# REQUIRED WORK
Show all the lines in the data below that include the word "auto".
** RECORDS PROVIDED follows **
lemma eigenvalue_smult_one_mat_minus:
  fixes B :: "'a :: comm_ring_1 mat"
  assumes B: "B \<in> carrier_mat n n" and ev: "eigenvalue (\<eta> \<cdot>\<^sub>m 1\<^sub>m n - B) f"
  shows "eigenvalue B (\<eta> - f)"
proof -
  obtain w where w: "w \<in> carrier_vec n" "w \<noteq> 0\<^sub>v n" "(\<eta> \<cdot>\<^sub>m 1\<^sub>m n - B) *\<^sub>v w = f \<cdot>\<^sub>v w"
    using ev B unfolding eigenvalue_def eigenvector_def by auto
  have Bw: "\<eta> \<cdot>\<^sub>v w - B *\<^sub>v w = f \<cdot>\<^sub>v w"
    using w B by (simp add: minus_mult_distrib_mat_vec[of _ n n] smult_mat_mult_vec[of _ n n])
  have "B *\<^sub>v w = (\<eta> - f) \<cdot>\<^sub>v w"
  proof (rule eq_vecI)
    fix i assume "i < dim_vec ((\<eta> - f) \<cdot>\<^sub>v w)"
    then have i: "i < n" using w by simp
    have "(\<eta> \<cdot>\<^sub>v w - B *\<^sub>v w) $ i = (f \<cdot>\<^sub>v w) $ i" by (simp only: Bw)
    then have "\<eta> * w $ i - (B *\<^sub>v w) $ i = f * w $ i" using i w B by simp
    then show "(B *\<^sub>v w) $ i = ((\<eta> - f) \<cdot>\<^sub>v w) $ i"
      using i w B by (simp add: left_diff_distrib eq_diff_eq diff_eq_eq add.commute)
  qed (use B w in auto)
  then show ?thesis using w B unfolding eigenvalue_def eigenvector_def by auto
qed
(* Let $n\geq 1$ and let $\mathrm{Aut}^0_{\mathrm{hol}}(\mathbb C^n)$ be the set of biholomorphic maps $F:\mathbb C^n\to\mathbb C^n$ with $F(0)=0$ and $DF(0)=I$. The map $\mathfrak{X}^n_0:\mathrm{Aut}^0_{\mathrm{hol}}(\mathbb C^n)\to\mathfrak{L}^n(PSH)$, $\mathfrak{X}^n_0(F)=L(\log\|F\|)$ (the Levi matrix of $z\mapsto\log\|F(z)\|$ on $\mathbb C^n\setminus\{0\}$), is injective. Equivalently, if $F,G\in \mathrm{Aut}^0_{\mathrm{hol}}(\mathbb C^n)$ and $\log\|F\|-\log\|G\|$ is pluriharmonic on $\mathbb C^n\setminus\{0\}$, then $F=G$.
   Context: $\|\cdot\|$ is the standard Hermitian norm on $\mathbb C^n$. For a real-valued $C^2$ function $g$ on an open subset of $\mathbb C^n$, its Levi matrix is $L(g)=\big(\partial^2 g/\partial z_i\partial\bar z_j\big)_{i,j}$; $g$ is plurisubharmonic if $L(g)\ge0$ and pluriharmonic if $L(g)=0$ everywhere. $\mathfrak{L}^n(PSH)$ denotes the set of Levi matrices of real-analytic plurisubharmonic functions on $\mathbb C^n\setminus\{0\}$. *)

theory Defs
  imports "HOL-Analysis.Analysis"
begin

definition holo_on :: "(complex ^ 'n \<Rightarrow> complex ^ 'm) \<Rightarrow> (complex ^ 'n) set \<Rightarrow> bool" where
  "holo_on F S \<longleftrightarrow> open S \<and> (\<forall>z\<in>S. \<exists>L. (F has_derivative L) (at z) \<and>
       (\<forall>c v. L (c *s v) = c *s L v))"

definition biholomorphic :: "(complex ^ 'n \<Rightarrow> complex ^ 'n) \<Rightarrow> bool" where
  "biholomorphic F \<longleftrightarrow> bij F \<and> holo_on F UNIV \<and> holo_on (inv F) UNIV"

definition Aut0_hol :: "(complex ^ 'n \<Rightarrow> complex ^ 'n) set" where
  "Aut0_hol = {F. biholomorphic F \<and> F 0 = 0 \<and> (F has_derivative id) (at 0)}"

definition dirderiv :: "complex ^ 'n \<Rightarrow> (complex ^ 'n \<Rightarrow> real) \<Rightarrow> complex ^ 'n \<Rightarrow> real" where
  "dirderiv v g z = deriv (\<lambda>t::real. g (z + t *\<^sub>R v)) 0"

text \<open>Levi matrix entry  d^2 g / dz_i d(conj z_j), written via real partial derivatives
  with z_k = x_k + i y_k:  (1/4)(g_{x_i x_j} + g_{y_i y_j} + i (g_{x_i y_j} - g_{y_i x_j})).\<close>
definition levi :: "(complex ^ 'n \<Rightarrow> real) \<Rightarrow> complex ^ 'n \<Rightarrow> complex ^ 'n ^ 'n" where
  "levi g z = (\<chi> i j.
     let ex = (\<lambda>k. axis k (1::complex)); ey = (\<lambda>k. axis k \<i>) in
     (1/4) * (complex_of_real (dirderiv (ex i) (dirderiv (ex j) g) z
                             + dirderiv (ey i) (dirderiv (ey j) g) z)
              + \<i> * complex_of_real (dirderiv (ex i) (dirderiv (ey j) g) z
                             - dirderiv (ey i) (dirderiv (ex j) g) z)))"

definition X0 :: "(complex ^ 'n \<Rightarrow> complex ^ 'n) \<Rightarrow> complex ^ 'n \<Rightarrow> complex ^ 'n ^ 'n" where
  "X0 F = (\<lambda>z. if z = 0 then 0 else levi (\<lambda>w. ln (norm (F w))) z)"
** End of RECORDS PROVIDED **
# RESULT BELOW
    using ev B unfolding eigenvalue_def eigenvector_def by auto
  qed (use B w in auto)
  then show ?thesis using w B unfolding eigenvalue_def eigenvector_def by auto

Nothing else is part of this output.